• **TASK PROMPT**:
In the data below, one line contains "n) * (\<integral>x." and a later one contains "using integral_euler[OF basis(2,1)". Print both, with every line between them, exactly and alone.

(RECORDS FOR THIS TASK)

lemma nn_integral_euler:
  fixes h :: "'a \<Rightarrow> real"
  assumes [measurable]: "h \<in> borel_measurable borel"
    and h: "pos_homogeneous k h" and h_nonneg: "\<And>x. h x \<ge> 0"
  shows "(\<integral>\<^sup>+x. ennreal (h x * g x * exp (- g x)) \<partial>lborel)
       = ennreal ((real DIM('a) + real k) / p) * (\<integral>\<^sup>+x. ennreal (h x * exp (- g x)) \<partial>lborel)"
proof -
  define a where "a = (real DIM('a) + real k) / p"
  have "a > 0"
    using degree_pos by (simp add: a_def add_pos_nonneg)
  define G where "G = (\<integral>\<^sup>+x. ennreal (h x * g x * exp (- g x)) \<partial>lborel)"
  have layer_cake: "AE x in lborel. ennreal (h x * exp (- g x))
      = (\<integral>\<^sup>+t. ennreal (h x * g x * exp (- t * g x)) * indicator {1..} t \<partial>lborel)"
    using AE_lborel_singleton[of 0]
    by eventually_elim (rule nn_integral_exp_tail[symmetric]; use h_nonneg positive in auto)
  have rescaled: "(\<integral>\<^sup>+x. ennreal (h x * g x * exp (- t * g x)) \<partial>lborel) = ennreal (t powr (- a - 1)) * G"
    if "t \<ge> 1" for t
  proof -
    have "pos_homogeneous (k + p) (\<lambda>x. h x * g x)"
      by (rule pos_homogeneous_mult[OF h homogeneous])
    then have "(\<integral>\<^sup>+x. ennreal (h x * g x * exp (- t * g x)) \<partial>lborel)
        = ennreal (t powr (- (real DIM('a) + real (k + p)) / p)) * G"
      using that unfolding G_def by (intro nn_integral_exp_scaled) auto
    moreover have "- (real DIM('a) + real (k + p)) / p = - a - 1"
      using degree_pos by (simp add: a_def field_simps)
    ultimately show ?thesis by simp
  qed
  have "(\<integral>\<^sup>+x. ennreal (h x * exp (- g x)) \<partial>lborel)
      = (\<integral>\<^sup>+x. (\<integral>\<^sup>+t. ennreal (h x * g x * exp (- t * g x)) * indicator {1..} t \<partial>lborel) \<partial>lborel)"
    using layer_cake by (rule nn_integral_cong_AE)
  also have "\<dots> = (\<integral>\<^sup>+t. (\<integral>\<^sup>+x. ennreal (h x * g x * exp (- t * g x)) * indicator {1..} t \<partial>lborel) \<partial>lborel)"
    by (rule lborel_pair.Fubini'[symmetric]) (simp add: case_prod_unfold cong: measurable_cong_sets)
  also have "\<dots> = (\<integral>\<^sup>+t. ennreal (t powr (- a - 1)) * indicator {1..} t * G \<partial>lborel)"
  proof (rule nn_integral_cong)
    fix t :: real
    show "(\<integral>\<^sup>+x. ennreal (h x * g x * exp (- t * g x)) * indicator {1..} t \<partial>lborel)
        = ennreal (t powr (- a - 1)) * indicator {1..} t * G"
      using rescaled[of t] by (cases "t \<ge> 1") (simp_all add: nn_integral_multc)
  qed
  also have "\<dots> = ennreal (1 / a) * G"
    using \<open>a > 0\<close> by (simp add: nn_integral_multc nn_integral_powr_tail)
  finally have "(\<integral>\<^sup>+x. ennreal (h x * exp (- g x)) \<partial>lborel) = ennreal (1 / a) * G" .
  then show ?thesis
    unfolding G_def[symmetric] a_def[symmetric]
    using \<open>a > 0\<close> by (simp add: mult.assoc[symmetric] flip: ennreal_mult)
qed

lemma integral_euler_nonneg:
  fixes h :: "'a \<Rightarrow> real"
  assumes [measurable]: "h \<in> borel_measurable borel"
    and h: "pos_homogeneous k h" and h_nonneg: "\<And>x. h x \<ge> 0"
  shows "(\<integral>x. h x * g x * exp (- g x) \<partial>lborel)
       = (real DIM('a) + real k) / p * (\<integral>x. h x * exp (- g x) \<partial>lborel)"
  using nn_integral_euler[OF assms] h_nonneg nonneg
  by (subst (1 2) integral_eq_nn_integral) (auto simp: enn2real_mult)

lemma integrable_iff_integrable_mult:
  fixes h :: "'a \<Rightarrow> real"
  assumes [measurable]: "h \<in> borel_measurable borel" and h: "pos_homogeneous k h"
  shows "integrable lborel (\<lambda>x. h x * exp (- g x)) \<longleftrightarrow> integrable lborel (\<lambda>x. h x * g x * exp (- g x))"
proof -
  have "(\<integral>\<^sup>+x. ennreal (norm (h x * g x * exp (- g x))) \<partial>lborel)
      = ennreal ((real DIM('a) + real k) / p) * (\<integral>\<^sup>+x. ennreal (norm (h x * exp (- g x))) \<partial>lborel)"
    using nn_integral_euler[of "\<lambda>x. \<bar>h x\<bar>" k] pos_homogeneous_abs[OF h] nonneg by (simp add: abs_mult)
  moreover have "(real DIM('a) + real k) / p > 0"
    using degree_pos by (simp add: add_pos_nonneg)
  ultimately show ?thesis
    by (auto simp: integrable_iff_bounded ennreal_mult_less_top)
qed

lemma integral_euler:
  fixes h :: "'a \<Rightarrow> real"
  assumes [measurable]: "h \<in> borel_measurable borel" and h: "pos_homogeneous k h"
    and integrable: "integrable lborel (\<lambda>x. h x * g x * exp (- g x))"
  shows "(\<integral>x. h x * g x * exp (- g x) \<partial>lborel)
       = (real DIM('a) + real k) / p * (\<integral>x. h x * exp (- g x) \<partial>lborel)"
proof -
  define h_pos where "h_pos = (\<lambda>x. max (h x) 0)"
  define h_neg where "h_neg = (\<lambda>x. max (- h x) 0)"
  have [measurable]: "h_pos \<in> borel_measurable borel" "h_neg \<in> borel_measurable borel"
    by (simp_all add: h_pos_def h_neg_def)
  have hom: "pos_homogeneous k h_pos" "pos_homogeneous k h_neg"
    unfolding h_pos_def h_neg_def by (intro pos_homogeneous_max_0 pos_homogeneous_uminus h)+
  have h_split: "h x = h_pos x - h_neg x" for x
    by (simp add: h_pos_def h_neg_def max_def)
  have bound: "\<bar>h_pos x\<bar> \<le> \<bar>h x\<bar>" "\<bar>h_neg x\<bar> \<le> \<bar>h x\<bar>" for x
    by (simp_all add: h_pos_def h_neg_def)
  have int_mult: "integrable lborel (\<lambda>x. h_pos x * g x * exp (- g x))"
    "integrable lborel (\<lambda>x. h_neg x * g x * exp (- g x))"
    by (auto intro!: Bochner_Integration.integrable_bound[OF integrable] AE_I2 mult_right_mono bound
        simp: abs_mult)
  then have int: "integrable lborel (\<lambda>x. h_pos x * exp (- g x))"
    "integrable lborel (\<lambda>x. h_neg x * exp (- g x))"
    using integrable_iff_integrable_mult[OF _ hom(1)] integrable_iff_integrable_mult[OF _ hom(2)] by auto
  have "(\<integral>x. h x * g x * exp (- g x) \<partial>lborel)
      = (\<integral>x. h_pos x * g x * exp (- g x) \<partial>lborel) - (\<integral>x. h_neg x * g x * exp (- g x) \<partial>lborel)"
    by (simp add: h_split left_diff_distrib int_mult)
  also have "\<dots> = (real DIM('a) + real k) / p
      * ((\<integral>x. h_pos x * exp (- g x) \<partial>lborel) - (\<integral>x. h_neg x * exp (- g x) \<partial>lborel))"
    using integral_euler_nonneg[OF _ hom(1)] integral_euler_nonneg[OF _ hom(2)]
    by (simp add: h_pos_def h_neg_def right_diff_distrib)
  also have "(\<integral>x. h_pos x * exp (- g x) \<partial>lborel) - (\<integral>x. h_neg x * exp (- g x) \<partial>lborel)
      = (\<integral>x. h x * exp (- g x) \<partial>lborel)"
    by (simp add: h_split left_diff_distrib int)
  finally show ?thesis .
qed

lemma integral_sq_exp:
  "(\<integral>x. g x * g x * exp (- g x) \<partial>lborel)
     = (real DIM('a) + real p) * real DIM('a) / p\<^sup>2 * (\<integral>x. exp (- g x) \<partial>lborel)"
  using integral_euler_nonneg[of g p] integral_euler_nonneg[of "\<lambda>_. 1" 0]
  by (simp add: homogeneous nonneg pos_homogeneous_const power2_eq_square)

end

lemma integrable_weighted_mult:
  fixes f h w :: "'a \<Rightarrow> real"
  assumes [measurable]: "f \<in> borel_measurable M" "h \<in> borel_measurable M" "w \<in> borel_measurable M"
    and w_nonneg: "\<And>x. w x \<ge> 0"
    and square_integrable: "integrable M (\<lambda>x. (f x)\<^sup>2 * w x)" "integrable M (\<lambda>x. (h x)\<^sup>2 * w x)"
  shows "integrable M (\<lambda>x. f x * h x * w x)"
proof (rule Bochner_Integration.integrable_bound[OF Bochner_Integration.integrable_add[OF square_integrable]])
  have "\<bar>f x * h x\<bar> \<le> (f x)\<^sup>2 + (h x)\<^sup>2" for x
  proof -
    have "2 * \<bar>f x\<bar> * \<bar>h x\<bar> \<le> (f x)\<^sup>2 + (h x)\<^sup>2"
      using sum_squares_bound[of "\<bar>f x\<bar>" "\<bar>h x\<bar>"] by simp
    moreover have "0 \<le> \<bar>f x\<bar> * \<bar>h x\<bar>"
      by simp
    ultimately show ?thesis
      unfolding abs_mult by linarith
  qed
  then show "AE x in M. norm (f x * h x * w x) \<le> norm ((f x)\<^sup>2 * w x + (h x)\<^sup>2 * w x)"
    using w_nonneg by (auto simp: abs_mult distrib_right[symmetric] intro!: mult_right_mono)
qed simp

context
  fixes M :: "'a measure" and w :: "'a \<Rightarrow> real" and P :: "'i \<Rightarrow> 'a \<Rightarrow> real" and S :: "'i set"
  assumes finite_S: "finite S"
    and integrable_products: "\<And>\<alpha> \<beta>. \<alpha> \<in> S \<Longrightarrow> \<beta> \<in> S \<Longrightarrow> integrable M (\<lambda>x. P \<alpha> x * P \<beta> x * w x)"
    and orthonormal: "\<And>\<alpha> \<beta>. \<alpha> \<in> S \<Longrightarrow> \<beta> \<in> S \<Longrightarrow>
      (\<integral>x. P \<alpha> x * P \<beta> x * w x \<partial>M) = (if \<alpha> = \<beta> then 1 else 0)"
begin

lemma orthonormal_coefficient:
  assumes "\<alpha> \<in> S" and f: "\<And>x. f x = (\<Sum>\<beta>\<in>S. c \<beta> * P \<beta> x)"
  shows "integrable M (\<lambda>x. P \<alpha> x * f x * w x)" and "(\<integral>x. P \<alpha> x * f x * w x \<partial>M) = c \<alpha>"
proof -
  have expand: "P \<alpha> x * f x * w x = (\<Sum>\<beta>\<in>S. c \<beta> * (P \<alpha> x * P \<beta> x * w x))" for x
    by (simp add: f sum_distrib_left sum_distrib_right mult_ac)
  show "integrable M (\<lambda>x. P \<alpha> x * f x * w x)"
    unfolding expand using \<open>\<alpha> \<in> S\<close> integrable_products by auto
  have "(\<integral>x. P \<alpha> x * f x * w x \<partial>M) = (\<Sum>\<beta>\<in>S. c \<beta> * (if \<alpha> = \<beta> then 1 else 0))"
    unfolding expand using \<open>\<alpha> \<in> S\<close> integrable_products orthonormal by simp
  also have "\<dots> = c \<alpha>"
    using finite_S \<open>\<alpha> \<in> S\<close> by (simp add: if_distrib sum.delta cong: if_cong)
  finally show "(\<integral>x. P \<alpha> x * f x * w x \<partial>M) = c \<alpha>" .
qed

lemma orthonormal_parseval:
  assumes f: "\<And>x. f x = (\<Sum>\<alpha>\<in>S. c \<alpha> * P \<alpha> x)"
  shows "integrable M (\<lambda>x. f x * f x * w x)" and "(\<integral>x. f x * f x * w x \<partial>M) = (\<Sum>\<alpha>\<in>S. (c \<alpha>)\<^sup>2)"
proof -
  have expand: "f x * f x * w x = (\<Sum>\<alpha>\<in>S. c \<alpha> * (P \<alpha> x * f x * w x))" for x
    by (subst (1) f) (simp add: sum_distrib_left sum_distrib_right mult_ac)
  show "integrable M (\<lambda>x. f x * f x * w x)"
    unfolding expand using orthonormal_coefficient(1)[OF _ f] by auto
  show "(\<integral>x. f x * f x * w x \<partial>M) = (\<Sum>\<alpha>\<in>S. (c \<alpha>)\<^sup>2)"
    unfolding expand using orthonormal_coefficient[OF _ f] by (simp add: power2_eq_square)
qed

end

lemma orthonormal_form_basisD:
  assumes basis: "orthonormal_form_basis k g P" and [measurable]: "g \<in> borel_measurable borel"
    and "\<alpha> \<in> exps k" "\<beta> \<in> exps k"
  shows "pos_homogeneous k (P \<alpha>)" and "P \<alpha> \<in> borel_measurable borel"
    and "integrable lborel (\<lambda>x. P \<alpha> x * P \<beta> x * exp (- g x))"
    and "(\<integral>x. P \<alpha> x * P \<beta> x * exp (- g x) \<partial>lborel) = (if \<alpha> = \<beta> then 1 else 0)"
proof -
  have [measurable]: "P \<alpha> \<in> borel_measurable borel" "P \<beta> \<in> borel_measurable borel"
    using basis assms(3,4) by (auto simp: orthonormal_form_basis_def is_form_borel_measurable)
  then show "P \<alpha> \<in> borel_measurable borel" by simp
  show "pos_homogeneous k (P \<alpha>)"
    using basis assms(3) by (simp add: orthonormal_form_basis_def is_form_pos_homogeneous)
  show "integrable lborel (\<lambda>x. P \<alpha> x * P \<beta> x * exp (- g x))"
    using basis assms(3,4) by (intro integrable_weighted_mult) (auto simp: orthonormal_form_basis_def)
  show "(\<integral>x. P \<alpha> x * P \<beta> x * exp (- g x) \<partial>lborel) = (if \<alpha> = \<beta> then 1 else 0)"
    using basis assms(3,4) by (simp add: orthonormal_form_basis_def L2_inner_def)
qed

theorem corollary2p3:
  fixes g :: "real^'d::finite \<Rightarrow> real"
    and n :: nat
    and P :: "('d \<Rightarrow> nat) \<Rightarrow> real^'d \<Rightarrow> real"
    and gt :: "('d \<Rightarrow> nat) \<Rightarrow> real"
  assumes "n \<ge> 1"
    and "is_form (2*n) g"
    and "\<forall>x. g x \<ge> 0"
    and "\<forall>x. g x = 0 \<longrightarrow> x = 0"
    and "orthonormal_form_basis (2*n) g P"
    and "g = (\<lambda>x. \<Sum>\<alpha>\<in>exps (2*n). gt \<alpha> * P \<alpha> x)"
  shows "Zg g = (4 * real n ^ 2) / (real CARD('d) * (real CARD('d) + 2 * real n))
                  * (\<Sum>\<alpha>\<in>exps (2*n). (gt \<alpha>)\<^sup>2)
       \<and> Zg g = (real CARD('d) + 2 * real n) / real CARD('d)
                  * (\<Sum>\<alpha>\<in>exps (2*n). (\<integral>x. P \<alpha> x * exp (- g x) \<partial>lborel)\<^sup>2)"
proof -
  let ?S = "exps (2*n) :: ('d \<Rightarrow> nat) set" and ?d = "real CARD('d)"
  interpret homogeneous_potential g "2*n"
    using assms(1-4) by unfold_locales
      (auto simp: is_form_pos_homogeneous is_form_borel_measurable order.strict_iff_order)
  note basis = orthonormal_form_basisD[OF assms(5) borel_measurable_g]
  have expansion: "\<And>x. g x = (\<Sum>\<alpha>\<in>?S. gt \<alpha> * P \<alpha> x)"
    using assms(6) by metis
  note parseval = orthonormal_parseval[OF finite_exps basis(3,4) expansion]
  note coefficient = orthonormal_coefficient[OF finite_exps basis(3,4) _ expansion]
  define e where "e = ?d + 2 * real n"
  have nonzero: "?d \<noteq> 0" "e \<noteq> 0" "real n \<noteq> 0"
    using assms(1) by (simp_all add: e_def add_pos_nonneg)
  have norm_gt: "(\<Sum>\<alpha>\<in>?S. (gt \<alpha>)\<^sup>2) = e * ?d / (2 * real n)\<^sup>2 * Zg g"
    using parseval(2) integral_sq_exp by (simp add: Zg_def e_def)
  have "gt \<alpha> = e / (2 * real n) * (\<integral>x. P \<alpha> x * exp (- g x) \<partial>lborel)" if "\<alpha> \<in> ?S" for \<alpha>
    using integral_euler[OF basis(2,1) coefficient(1)] coefficient(2) that by (simp add: e_def)
  then have moment: "(\<integral>x. P \<alpha> x * exp (- g x) \<partial>lborel) = 2 * real n / e * gt \<alpha>" if "\<alpha> \<in> ?S" for \<alpha>
    using nonzero that by (simp add: field_simps)
  have "(\<Sum>\<alpha>\<in>?S. (\<integral>x. P \<alpha> x * exp (- g x) \<partial>lborel)\<^sup>2) = (2 * real n / e)\<^sup>2 * (\<Sum>\<alpha>\<in>?S. (gt \<alpha>)\<^sup>2)"
    unfolding sum_distrib_left by (intro sum.cong refl) (simp add: moment power_mult_distrib power_divide)
  with norm_gt nonzero show ?thesis
    unfolding e_def[symmetric] by (simp add: field_simps power2_eq_square)
qed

(End RECORDS FOR THIS TASK)

• **FINAL ANSWER**:
  have "gt \<alpha> = e / (2 * real n) * (\<integral>x. P \<alpha> x * exp (- g x) \<partial>lborel)" if "\<alpha> \<in> ?S" for \<alpha>
    using integral_euler[OF basis(2,1) coefficient(1)] coefficient(2) that by (simp add: e_def)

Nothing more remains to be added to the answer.